Well, Microsoft has their own threading system with, as far as I
understand it, far more complicated synchronization objects. Another
useful standard is MPI. Of course none of these standards are
universally implemented, of course.

websnarf · Jan 16, 2007

Keith said:
You can, of course, come up with a single example of such an
"advantage" (that applies to the 10-20 year time frame Jacob was
talking about)?

Click to expand...

I don't know about a 10-20 year time frame, but consider this. If a
program is going to scan a string anyway, there's not much benefit in
storing its length separately. In a recent discussion here, somebody
posted an example of such a program (a fairly small one). jacob
claimed that a solution using memcpy() (which requires knowing the
length in advance) was faster than an equivalent solution using
strcpy() (which doesn't) -- but he only provided actual numbers for an
x86 platform. I demonstrated that the strcpy() solution is actually
faster on some other platforms. [...]

Well, those platforms would definately be looking *backwards* in time.
So indeed the 10-20 year time frame qualification *does matter*. But
more to the point *EVERY* architecture created from this point forward
will prefer length prefixed string copying (that is because a parallel
dependency is always better than a serial one -- its easier to add ALUs
than increase the clock rate). If the C standard has no interest in
the future and is only concerned with architectures from antiquity,
then fine. But don't complain when C get branded with the COBOL label.

Now if you're doing a lot of processing that *does* require knowing
the length in advance, then yes, counted strings are advantageous.

Whether it requires it or not, having the length will *speed it up* or
be neutral for all scenarios, on all modern platforms, and make your
code safer, and make it easier to write and maintain.

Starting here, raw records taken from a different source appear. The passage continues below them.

lemma reflection_Int_hyperplane:
  fixes N :: "'a::real_inner set"
  assumes "\<And>x. x \<in> N \<Longrightarrow> - x \<in> N"
  shows "(\<lambda>x. p - x) ` ((+) p ` N \<inter> {x. a \<bullet> x = k}) = N \<inter> {x. (- a) \<bullet> x = k - a \<bullet> p}"
proof (intro set_eqI iffI)
  fix y assume "y \<in> (\<lambda>x. p - x) ` ((+) p ` N \<inter> {x. a \<bullet> x = k})"
  then show "y \<in> N \<inter> {x. (- a) \<bullet> x = k - a \<bullet> p}"
    using assms by (auto simp: inner_diff_right inner_add_right)
next
  fix y assume y: "y \<in> N \<inter> {x. (- a) \<bullet> x = k - a \<bullet> p}"
  then have "p + (- y) \<in> (+) p ` N"
    using assms by blast
  then have "p - y \<in> (+) p ` N \<inter> {x. a \<bullet> x = k}"
    using y by (simp add: inner_diff_right)
  then show "y \<in> (\<lambda>x. p - x) ` ((+) p ` N \<inter> {x. a \<bullet> x = k})"
    by (rule image_eqI[rotated]) simp
qed

lemma hyperplane_translation:
  fixes a :: "'a::real_inner"
  shows "(+) m ` {x. a \<bullet> x = b} = {x. a \<bullet> x = b + a \<bullet> m}"
proof (intro set_eqI iffI)
  fix x assume "x \<in> {x. a \<bullet> x = b + a \<bullet> m}"
  then show "x \<in> (+) m ` {x. a \<bullet> x = b}"
    by (intro image_eqI[where x = "x - m"]) (auto simp: inner_diff_right)
qed (auto simp: inner_add_right)

lemma face_of_Int_hyperplane_side:
  fixes P :: "'a::real_inner set"
  assumes "convex P" "F face_of P" "F = P \<inter> {x. e \<bullet> x = k}"
  shows "P \<subseteq> {x. e \<bullet> x \<le> k} \<or> P \<subseteq> {x. e \<bullet> x \<ge> k}"
proof (rule ccontr)
  assume "\<not> ?thesis"
  then obtain y1 y2 where y: "y1 \<in> P" "y2 \<in> P" "e \<bullet> y1 > k" "e \<bullet> y2 < k"
    by (auto simp: not_le subset_eq)
  define t where "t = (e \<bullet> y1 - k) / (e \<bullet> y1 - e \<bullet> y2)"
  have t: "0 < t" "t < 1" "t * (e \<bullet> y1 - e \<bullet> y2) = e \<bullet> y1 - k"
    using y by (auto simp: t_def field_simps)
  define z where "z = (1 - t) *\<^sub>R y1 + t *\<^sub>R y2"
  have "z \<in> open_segment y1 y2"
    using y t by (auto simp: in_segment z_def)
  moreover have "z \<in> F"
  proof -
    have "z \<in> P" using assms(1) y t unfolding z_def by (intro convexD) auto
    moreover have "e \<bullet> z = k"
      using t(3) by (simp add: z_def inner_add_right algebra_simps)
    ultimately show ?thesis using assms(3) by auto
  qed
  ultimately have "y1 \<in> F" using face_ofD[OF assms(2) _ y(1,2)] by blast
  then show False using assms(3) y by auto
qed

lemma face_eq_Int_parallel_hyperplane:
  fixes P :: "(real^'n) set"
  assumes "convex P" "F face_of P" "parallel_to F {x. e \<bullet> x = h}"
  obtains k where "F = P \<inter> {x. e \<bullet> x = k}"
proof -
  obtain v where "affine hull F = {x. e \<bullet> x = h + e \<bullet> v}"
    using assms(3) unfolding parallel_to_def hyperplane_translation by blast
  then show ?thesis
    using face_of_imp_eq_affine_Int[OF assms(1,2)] that by (simp add: Int_commute)
qed

lemma face_meets_translates_inner_mult_nonneg:
  fixes P :: "'a::real_inner set"
  assumes "convex P" "F face_of P" "F = P \<inter> {x. e \<bullet> x = k}"
    "x1 \<in> F \<inter> (+) w1 ` P" "x2 \<in> F \<inter> (+) w2 ` P"
  shows "0 \<le> (e \<bullet> w1) * (e \<bullet> w2)"
proof -
  obtain y1 y2 where y: "y1 \<in> P" "y2 \<in> P" "e \<bullet> w1 + e \<bullet> y1 = k" "e \<bullet> w2 + e \<bullet> y2 = k"
    using assms(3-5) by (auto simp: inner_add_right)
  from face_of_Int_hyperplane_side[OF assms(1-3)]
  have "(0 \<le> e \<bullet> w1 \<and> 0 \<le> e \<bullet> w2) \<or> (e \<bullet> w1 \<le> 0 \<and> e \<bullet> w2 \<le> 0)"
    using y by fastforce
  then show ?thesis by (auto simp: zero_le_mult_iff)
qed

lemma face_meets_translate_imp_supporting:
  fixes P :: "'a::real_inner set"
  assumes "convex P" "F face_of P" "F = P \<inter> {x. e \<bullet> x = k}"
    "x \<in> F \<inter> (+) w ` P" "0 < e \<bullet> w"
  shows "P \<subseteq> {x. e \<bullet> x \<le> k}"
proof -
  obtain y where "y \<in> P" "e \<bullet> w + e \<bullet> y = k"
    using assms(3,4) by (auto simp: inner_add_right)
  then show ?thesis
    using face_of_Int_hyperplane_side[OF assms(1-3)] assms(5) by fastforce
qed

lemma faces_meeting_translate_eq:
  fixes P :: "'a::real_inner set"
  assumes "convex P" "F1 face_of P" "F2 face_of P"
    "F1 = P \<inter> {x. e \<bullet> x = k1}" "F2 = P \<inter> {x. e \<bullet> x = k2}"
    "x1 \<in> F1 \<inter> (+) w ` P" "x2 \<in> F2 \<inter> (+) w ` P" "0 < e \<bullet> w"
  shows "F1 = F2"
proof -
  have "P \<subseteq> {x. e \<bullet> x \<le> k1}" "P \<subseteq> {x. e \<bullet> x \<le> k2}"
    using face_meets_translate_imp_supporting assms by blast+
  then have "k1 = k2" using assms(4-7) by force
  then show ?thesis using assms(4,5) by simp
qed

lemma min_face_eq_facet:
  assumes "polyhedron P" "F facet_of P" "c \<in> F"
    "\<And>G. G facet_of P \<Longrightarrow> c \<in> G \<Longrightarrow> G = F"
  shows "min_face P c = F"
proof
  show "min_face P c \<subseteq> F"
    unfolding min_face_def using assms(2,3) facet_of_imp_face_of by blast
  show "F \<subseteq> min_face P c"
    unfolding min_face_def
  proof (rule Inter_greatest)
    fix F' assume "F' \<in> {F. F face_of P \<and> c \<in> F}"
    then have F': "F' face_of P" "c \<in> F'" by auto
    show "F \<subseteq> F'"
    proof (cases "F' = P")
      case True
      then show ?thesis using assms(2) facet_of_imp_subset by blast
    next
      case False
      then have "F' = \<Inter>{G. G facet_of P \<and> F' \<subseteq> G}"
        using face_of_polyhedron[OF assms(1) F'(1)] F'(2) by blast
      moreover have "G = F" if "G facet_of P" "F' \<subseteq> G" for G
        using assms(4) that F'(2) by blast
      ultimately show ?thesis by auto
    qed
  qed
qed

lemma closed_segment_Int_hyperplane_unique:
  fixes e :: "'a::real_inner"
  assumes "e \<bullet> \<delta> \<noteq> h" "p \<in> closed_segment \<delta> \<delta>'" "q \<in> closed_segment \<delta> \<delta>'"
    "e \<bullet> p = h" "e \<bullet> q = h"
  shows "p = q"
proof -
  obtain s where s: "p = (1 - s) *\<^sub>R \<delta> + s *\<^sub>R \<delta>'" using assms(2) by (auto simp: in_segment)
  obtain t where t: "q = (1 - t) *\<^sub>R \<delta> + t *\<^sub>R \<delta>'" using assms(3) by (auto simp: in_segment)
  have hs: "e \<bullet> \<delta> + s * (e \<bullet> \<delta>' - e \<bullet> \<delta>) = h" and ht: "e \<bullet> \<delta> + t * (e \<bullet> \<delta>' - e \<bullet> \<delta>) = h"
    using assms(4,5) s t by (auto simp: inner_add_right algebra_simps)
  then have "(s - t) * (e \<bullet> \<delta>' - e \<bullet> \<delta>) = 0" "e \<bullet> \<delta>' \<noteq> e \<bullet> \<delta>"
    using assms(1) by (auto simp: algebra_simps)
  then have "s = t" by simp
  then show ?thesis using s t by simp
qed

lemma closed_segment_crossing_inner_mult_neg:
  fixes e :: "'a::real_inner"
  assumes "\<delta>0 \<in> closed_segment \<delta> \<delta>'" "e \<bullet> \<delta> \<noteq> e \<bullet> \<delta>0" "e \<bullet> \<delta>' \<noteq> e \<bullet> \<delta>0"
  shows "(e \<bullet> (\<delta> - \<delta>0)) * (e \<bullet> (\<delta>' - \<delta>0)) < 0"
proof -
  obtain u where u: "0 \<le> u" "u \<le> 1" "\<delta>0 = (1 - u) *\<^sub>R \<delta> + u *\<^sub>R \<delta>'"
    using assms(1) by (auto simp: in_segment)
  have "\<delta> - \<delta>0 = u *\<^sub>R (\<delta> - \<delta>')" "\<delta>' - \<delta>0 = (1 - u) *\<^sub>R (\<delta>' - \<delta>)"
    using u(3) by (simp_all add: algebra_simps)
  then have "e \<bullet> (\<delta> - \<delta>0) = u * (e \<bullet> (\<delta> - \<delta>'))"
    "e \<bullet> (\<delta>' - \<delta>0) = - ((1 - u) * (e \<bullet> (\<delta> - \<delta>')))"
    by (simp_all only: inner_scaleR_right) (simp add: inner_diff_right algebra_simps)
  moreover from this have "u \<noteq> 0" "u \<noteq> 1" "e \<bullet> (\<delta> - \<delta>') \<noteq> 0"
    using assms(2,3) by (auto simp: inner_diff_right)
  ultimately show ?thesis
    using u(1,2) by (auto simp: zero_less_mult_iff mult_less_0_iff)
qed

lemma hyps_hyperplane:
  assumes "H \<in> hyps d \<beta>"
  obtains e h where "e \<noteq> 0" "H = {x. e \<bullet> x = h}"
  using assms unfolding hyps_def affine_hyperplane_def by (auto simp: hyperplane_translation)

lemma hyps_memI:
  assumes "c \<in> lat" "a \<noteq> 0" "nabla d \<beta> \<inter> {x. a \<bullet> x = b} facet_of nabla d \<beta>"
  shows "{x. a \<bullet> x = b + a \<bullet> c} \<in> hyps d \<beta>"
proof -
  have "affine_hyperplane {x. a \<bullet> x = b}"
    unfolding affine_hyperplane_def using assms(2) by blast
  moreover have "{x. a \<bullet> x = b} \<inter> nabla d \<beta> facet_of nabla d \<beta>"
    using assms(3) by (simp add: Int_commute)
  ultimately have "(+) c ` {x. a \<bullet> x = b} \<in> hyps d \<beta>"
    using assms(1) unfolding hyps_def by blast
  then show ?thesis by (simp add: hyperplane_translation)
qed

lemma adjacent_crossing_unique:
  assumes "adjacent d \<beta> \<delta> \<delta>'" "H \<in> hyps d \<beta>" "\<delta>0 \<in> H \<inter> closed_segment \<delta> \<delta>'"
    "H' \<in> hyps d \<beta>" "p \<in> H' \<inter> closed_segment \<delta> \<delta>'"
  shows "H' = H \<and> p = \<delta>0"
proof
  show "H' = H"
    using assms unfolding adjacent_def by blast
  obtain e h where "H = {x. e \<bullet> x = h}"
    using hyps_hyperplane[OF assms(2)] by blast
  moreover have "\<delta> \<notin> H"
    using assms(1,2) unfolding adjacent_def by blast
  ultimately show "p = \<delta>0"
    using closed_segment_Int_hyperplane_unique[of e \<delta> h p \<delta>' \<delta>0] assms(3,5) \<open>H' = H\<close>
    by auto
qed

locale wall_crossing =
  fixes d :: nat and \<beta> :: "nat \<Rightarrow> real^'n" and \<delta> \<delta>' \<delta>0 :: "real^'n"
    and H F :: "(real^'n) set"
  assumes qsym: "quasi_symmetric d \<beta>"
    and spans: "span (zonotope d \<beta>) = UNIV"
    and adj: "adjacent d \<beta> \<delta> \<delta>'"
    and H_hyps: "H \<in> hyps d \<beta>"
    and \<delta>0_crossing: "\<delta>0 \<in> H \<inter> closed_segment \<delta> \<delta>'"
    and F_facet: "F facet_of ((+) \<delta>0 ` nabla d \<beta>)"
    and F_parallel: "parallel_to F H"
    and F_meets: "F \<inter> ((+) \<delta> ` nabla d \<beta>) \<noteq> {}"
begin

But if you don't happen need it, then computing and storing it is
useless overhead.

If you dive into Bstrlib, you will find that often that additional
overhead can exist primarily in your auto-space, not necessarily in
your heap space (depending on your algorithm, or what exactly you are
doing.) In general, where it matters, this overhead can usually be
amortized using various packing methods (Bstrlib comes with good CSV
parsing code and netstrings if you really want to pack and serialize
many strings at once) or by treating the string data as if it were a
file (Bstrlib comes with something called bstreams which does exactly
this) which again only costs auto-space.

[...] I'm not arguing that C-style zero-terminated
strings are superior to counted strings, merely that there is a
tradeoff.

Still waiting for the example.

[...] I don't know which is better in general. jacob thinks he
does know, and that zero-termainted strings are inherently a bug in
the language.

Well, I only know it from direct comparison and fairly extensive
analysis of the situation. '\0' terminated strings *are* more error
prone; there is just no comparison. Its a white-hot flash point of
MAXIMIZED manifestations of buffer overflows (which TR 24731 doesn't
usefully address, BTW). Compare that with Bstrlib where its nearly
impossible to cause any kind UB due to a buffer overflow scenario
unless you are directly and unnecessarily hacking on it, or have
corrupted the data externally. (Other solutions such as Vstr are
basically about as good on this point.)

And in terms of performance comparison, you can put the two side by
side on any general task -- bstrings never give up the possibility of
falling back onto the Clib, so it cannot lose. However, it never needs
to do this as all the portable hand coded algorithms are equal or
faster than pretty much all the Clibs out there on a wide variety of
string kernels.

In particular, look at sub-string searching. Thats an algorithm which,
intuitively, should really be equal for both styles, since you have to
do character by character stuff no matter what. But it turns out that
good algorithms try to *unroll* the inner loop so that you can examine
two characters back to back without an intervening loop check. In C
you have to put in an extra test for an intermediate '\0' check (see
GCC's Clib source for strstr() for an example of this). With Bstrlib
you only do one test to see if you have at least two characters more
that you can scan. Its little things like this that just show up all
over the place.

And that doesn't even bring up the fiasco that is strcat(), where C
actually manages to lose to pathetically slow languages like TCL and
Python.

jacob navia · Jan 17, 2007

(e-mail address removed) a écrit :

In particular, look at sub-string searching. Thats an algorithm which,
intuitively, should really be equal for both styles, since you have to
do character by character stuff no matter what. But it turns out that
good algorithms try to *unroll* the inner loop so that you can examine
two characters back to back without an intervening loop check. In C
you have to put in an extra test for an intermediate '\0' check (see
GCC's Clib source for strstr() for an example of this). With Bstrlib
you only do one test to see if you have at least two characters more
that you can scan. Its little things like this that just show up all
over the place.

And that doesn't even bring up the fiasco that is strcat(), where C
actually manages to lose to pathetically slow languages like TCL and
Python.

I have repeated this over and over. For instance strrchr is vastly more
efficient when it can start at the end of the string and find the first
occcurrence of the searched for character *backwards* instead of
searching the whole string to find the last one!!!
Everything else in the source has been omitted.